An international team of researchers led by the University of Sydney report that they have successfully developed a new type of artificial blood vessel, with significant implications for the future of surgery.
According to the research, published 24 October 2022 in Advanced Materials, preclinical testing found that following transplantation of the manufactured blood vessel into mice, it was accepted by the body, with new cells and tissue growing in the right places, transforming the implant into a ‘living blood vessel.’
Compromised arteries can result in myocardial infarction – the leading cause of death worldwide – and when required, an autologous vascular graft can be used to repair the damaged artery.
Grafts harvested from the saphenous veins, radial arteries, and internal mammary arteries of patients have been considered the gold-standard, yet for patients with limited capacity due to pre-existing pathological conditions, access to off-the-shelf synthetic grafts would provide alternative surgical options.
Senior author Professor Anthony Weiss, from the Charles Perkins Centre, explained that while autologous arteries contain a distinctive intima-media composed of organized elastin and an adventitia containing mature collagen fibrils, in contrast, implanted biodegradable small-diameter vascular grafts do not present spatially regenerated, organized elastin.
“[This] prevents the appropriate arrangement of SMCs and endothelial cells, jeopardizing the graft’s long-term performance,” Professor Weiss said.
“While others have tried to build blood vessels with various degrees of success before, this is the first-time scientists have seen the vessels develop with such a high degree of similarity to the complex structure of naturally occurring blood vessels – nature converts this manufactured tube over time to one that looks, behaves, and functions like a real blood vessel.”

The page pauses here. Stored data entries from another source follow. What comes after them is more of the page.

(* Let $X$ be a compact Hausdorff space, $Y$ a normed linear space over $\mathbb{R}$ with norm $\|\cdot\|$, and $C(X,Y)$ the space of continuous functions $X\to Y$ equipped with the uniform norm $|||f||| = \max_{x\in X}\|f(x)\|$. Let $H\subset C(X,Y)$ be a linear subspace of finite dimension $n\ge 1$. Let $A$ be a compact Hausdorff topological space and $\{f_a\}_{a\in A}\subset C(X,Y)$ a family such that the map $A\to C(X,Y)$, $a\mapsto f_a$, is continuous (with respect to the uniform norm). Then $f^*\in H$ is a best simultaneous approximation to $\{f_a\}_{a\in A}$ from $H$, i.e. $$\max_{a\in A}|||f_a-f^*|||\le \max_{a\in A}|||f_a-f|||\quad\text{for all } f\in H,$$ if and only if there exist an integer $k$ with $1\le k\le n+1$, elements $a_1,\dots,a_k\in A$, points $x_1,\dots,x_k\in X$, and positive numbers $\lambda_1,\dots,\lambda_k$ with $\sum_{i=1}^k\lambda_i=1$ such that (i) $\sum_{i=1}^k\lambda_i\|f_{a_i}(x_i)-f^*(x_i)\|\le \sum_{i=1}^k\lambda_i\|f_{a_i}(x_i)-f(x_i)\|$ for all $f\in H$; and (ii) $\|f_{a_i}(x_i)-f^*(x_i)\| = |||f_{a_i}-f^*||| = \max_{a\in A}|||f_a-f^*|||$ for all $i$ with $1\le i\le k$. *)

theory Defs
  imports "HOL-Analysis.Analysis"
begin

end

theory Submission
  imports Defs
begin

(* Fix a basis b_1, ..., b_n of H and, for t = (a, x) in A x X, put
   U_t(v) = |f_a(x) - f*(x) - sum_j v_j b_j(x)| - E,  where E = max_a |||f_a - f*|||.
   The family U is jointly continuous in (t, v) over the compact index space A x X, and each U_t is
   convex and Lipschitz in v.  If f* is a best approximation then max_t U_t(v) >= 0 = max_t U_t(0),
   and 0 is a convex combination of subgradients at 0 of active U_t (those with U_t(0) = 0):
   otherwise a direction h separates 0 from these subgradients, while maximal U_t at the points s h
   with s -> 0 supply subgradients l with l . h >= 0 whose limit is an active subgradient.
   Caratheodory's theorem in R^n shortens the combination to at most n + 1 terms; averaging the
   subgradient inequalities gives (i), and activity is (ii).  Conversely (i) and (ii) bound E by a
   weighted mean of values of |f_a(x) - f(x)|, each at most max_a |||f_a - f|||. *)

(* R^n for a dimension n that is a value rather than a type: sequences supported in {..<n}. *)
typedef finseq = "{x :: nat \<Rightarrow> real. finite {i. x i \<noteq> 0}}"
  morphisms coord Abs_finseq
  by (rule exI[of _ "\<lambda>_. 0"]) simp

setup_lifting type_definition_finseq

lemma finseq_eqI: "(\<And>i. coord x i = coord y i) \<Longrightarrow> x = y"
  by (metis coord_inject ext)

lemma finite_coord_support: "finite {i. coord x i \<noteq> 0}"
  using coord by auto

lemma finite_support_map2:
  fixes g :: "'a::zero \<Rightarrow> 'b::zero \<Rightarrow> 'c::zero"
  assumes "g 0 0 = 0" "finite {i. x i \<noteq> 0}" "finite {i. y i \<noteq> 0}"
  shows "finite {i. g (x i) (y i) \<noteq> 0}"
  by (rule finite_subset[of _ "{i. x i \<noteq> 0} \<union> {i. y i \<noteq> 0}"]) (use assms in auto)

instantiation finseq :: real_vector
begin

lift_definition zero_finseq :: finseq is "\<lambda>_. 0"
  by simp

lift_definition plus_finseq :: "finseq \<Rightarrow> finseq \<Rightarrow> finseq" is "\<lambda>x y i. x i + y i"
  by (rule finite_support_map2) simp_all

lift_definition uminus_finseq :: "finseq \<Rightarrow> finseq" is "\<lambda>x i. - x i"
  by simp

lift_definition minus_finseq :: "finseq \<Rightarrow> finseq \<Rightarrow> finseq" is "\<lambda>x y i. x i - y i"
  by (rule finite_support_map2) simp_all

lift_definition scaleR_finseq :: "real \<Rightarrow> finseq \<Rightarrow> finseq" is "\<lambda>c x i. c * x i"
  by (rule finite_subset) auto

instance
  by standard (transfer; auto simp: algebra_simps fun_eq_iff)+

end

lemma coord_zero [simp]: "coord 0 i = 0"
  by transfer simp

lemma coord_add [simp]: "coord (x + y) i = coord x i + coord y i"
  by transfer simp

lemma coord_diff [simp]: "coord (x - y) i = coord x i - coord y i"
  by transfer simp

lemma coord_scaleR [simp]: "coord (c *\<^sub>R x) i = c * coord x i"
  by transfer simp

lemma coord_sum [simp]: "coord (sum g A) i = (\<Sum>a\<in>A. coord (g a) i)"
  by (induction A rule: infinite_finite_induct) auto

instantiation finseq :: real_inner
begin

definition inner_finseq :: "finseq \<Rightarrow> finseq \<Rightarrow> real" where
  "inner_finseq x y = (\<Sum>i | coord x i \<noteq> 0. coord x i * coord y i)"

definition norm_finseq :: "finseq \<Rightarrow> real" where
  "norm_finseq x = sqrt (inner x x)"

definition sgn_finseq :: "finseq \<Rightarrow> finseq" where
  "sgn_finseq x = x /\<^sub>R norm x"

definition dist_finseq :: "finseq \<Rightarrow> finseq \<Rightarrow> real" where
  "dist_finseq x y = norm (x - y)"

definition uniformity_finseq :: "(finseq \<times> finseq) filter" where
  "uniformity_finseq = (INF e\<in>{0<..}. principal {(x, y). dist x y < e})"

definition open_finseq :: "finseq set \<Rightarrow> bool" where
  "open_finseq U \<longleftrightarrow> (\<forall>x\<in>U. \<forall>\<^sub>F (x', y) in uniformity. x' = x \<longrightarrow> y \<in> U)"

lemma inner_finseq_eq:
  assumes "finite S" "{i. coord x i \<noteq> 0} \<subseteq> S"
  shows "inner x y = (\<Sum>i\<in>S. coord x i * coord y i)"
  unfolding inner_finseq_def by (rule sum.mono_neutral_left) (use assms in auto)

instance
proof
  fix x y z :: finseq and r :: real
  define S where "S = {i. coord x i \<noteq> 0} \<union> {i. coord y i \<noteq> 0}"
  have S: "finite S" "{i. coord x i \<noteq> 0} \<subseteq> S" "{i. coord y i \<noteq> 0} \<subseteq> S"
    "{i. coord (x + y) i \<noteq> 0} \<subseteq> S" "{i. coord (r *\<^sub>R x) i \<noteq> 0} \<subseteq> S"
    unfolding S_def using finite_coord_support by auto
  note inner_S = inner_finseq_eq[OF S(1)]
  show "inner x y = inner y x"
    using inner_S[OF S(2)] inner_S[OF S(3)] by (simp add: mult.commute)
  show "inner (x + y) z = inner x z + inner y z"
    using inner_S[OF S(4)] inner_S[OF S(2)] inner_S[OF S(3)] by (simp add: distrib_right sum.distrib)
  show "inner (r *\<^sub>R x) y = r * inner x y"
    using inner_S[OF S(5)] inner_S[OF S(2)] by (simp add: sum_distrib_left mult.assoc)
  show "0 \<le> inner x x"
    unfolding inner_finseq_def by (auto intro: sum_nonneg)
  show "inner x x = 0 \<longleftrightarrow> x = 0"
  proof
    assume "inner x x = 0"
    then have "\<forall>i\<in>{i. coord x i \<noteq> 0}. coord x i * coord x i = 0"
      unfolding inner_finseq_def by (subst (asm) sum_nonneg_eq_0_iff[OF finite_coord_support]) auto
    then show "x = 0"
      by (intro finseq_eqI) auto
  qed (simp add: inner_finseq_def)
qed (simp_all add: norm_finseq_def sgn_finseq_def dist_finseq_def uniformity_finseq_def open_finseq_def)

end

lemma abs_coord_le_norm: "\<bar>coord x i\<bar> \<le> norm x"
proof -
  let ?S = "insert i {i. coord x i \<noteq> 0}"
  have "(coord x i)\<^sup>2 \<le> (\<Sum>j\<in>?S. coord x j * coord x j)"
    using finite_coord_support by (auto simp: power2_eq_square intro: member_le_sum)
  also have "\<dots> = (norm x)\<^sup>2"
    unfolding power2_norm_eq_inner by (rule inner_finseq_eq[symmetric]) (use finite_coord_support in auto)
  finally show ?thesis
    using abs_le_square_iff[of "coord x i" "norm x"] by simp
qed

lemma bounded_linear_coord: "bounded_linear (\<lambda>x. coord x i)"
  by standard (use abs_coord_le_norm in \<open>auto intro: exI[of _ 1]\<close>)

lemma continuous_on_coord [continuous_intros]:
  "continuous_on S g \<Longrightarrow> continuous_on S (\<lambda>s. coord (g s) i)"
  using bounded_linear.continuous_on[OF bounded_linear_coord] .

The elastin-containing structures within the intima-media region encompass the elastic lamellae (EL) and internal elastic lamina (IEL) and are crucial for normal arterial functions, such as conveying elasticity for vessel deformation during blood pressure changes and regulating arterial SMC phenotype in response to injury.
“The technology’s ability to recreate the complex structure of biological tissues shows it has the potential to not only manufacture blood vessels to assist in surgery, but also sets the scene for the future creation of other synthetic tissues such as heart valves,” Professor Weiss said.
“The results shown here demonstrate for the first time that we are aware of, the generation of a neo-artery, from an implanted vascular graft, that recapitulates the native artery with respect to the content and spatial distribution of both collagen and organized elastic lamellae (EL).”
Traditionally, the use of porous grafts in vascular settings has permitted the uncontrolled migration and infiltration of fibroblasts and arterial smooth muscle cells (SMCs) from adjacent native tissue into the implanted graft to synthesize an extracellular matrix (ECM), in chaotic competition with infiltrating phagocyte-like macrophages that attempt to degrade the graft.
“This results in the random deposition of collagen and elastin within the graft pores, and we propose that the graft then serves as a physical barrier that prevents the deposited amorphous elastin from connecting and organizing into EL,” Professor Weiss explained.
“There was an unmet demand for structural resemblance to the adjoining native artery, namely highly organized concentric layers of elastin alternating with SMC layers in the media, and hierarchically arranged collagen fibres in the adventitia.”
Lead author and bioengineer Dr Ziyu Wang, also from the University of Sydney’s Charles Perkins Centre pioneered the technology as part of his PhD, building on earlier work by his colleague at the Centre, Dr Suzanne Mithieux.
“These synthetic vessels are elegant because they are manufactured from just two naturally occurring materials that are well-tolerated by the body,” Dr Wang said.
“Tropoelastin (the natural building block for elastin) is packaged in an elastic sheath which dissipates gradually and promotes the formation of highly organised, natural mimics of functioning blood vessels.”
“After implantation in a mouse’s abdominal aorta, the graft develops distinct cell and extracellular matrix profiles that approximate the native adventitia and intima-media by 8 weeks, and within the newly formed intima-media region there are circumferentially aligned smooth muscle cell layers that alternate with multiple EL like that found in the arterial wall.
“By 8 months, the developed adventitia region contains mature collagen fibrils, and the neo-artery presents a distinct IEL with thickness comparable to the rest of the abdominal aorta.”
The manufactured tube can also be safely stored in a sterile plastic bag until transplantation.
Co-author Dr Christopher Breuer, from the US Centre for Regenerative Medicine at Nationwide Children’s Hospital, said he was excited about the potential of the research for children.
“Currently when kids suffer from an abnormal vessel, surgeons have no choice but to use synthetic vessels that function well for a short time but inevitably children need additional surgeries as they grow,” Dr Breuer said.
“This new technology provides the exciting foundation for the manufactured blood vessels that to continue to grow and develop overtime.”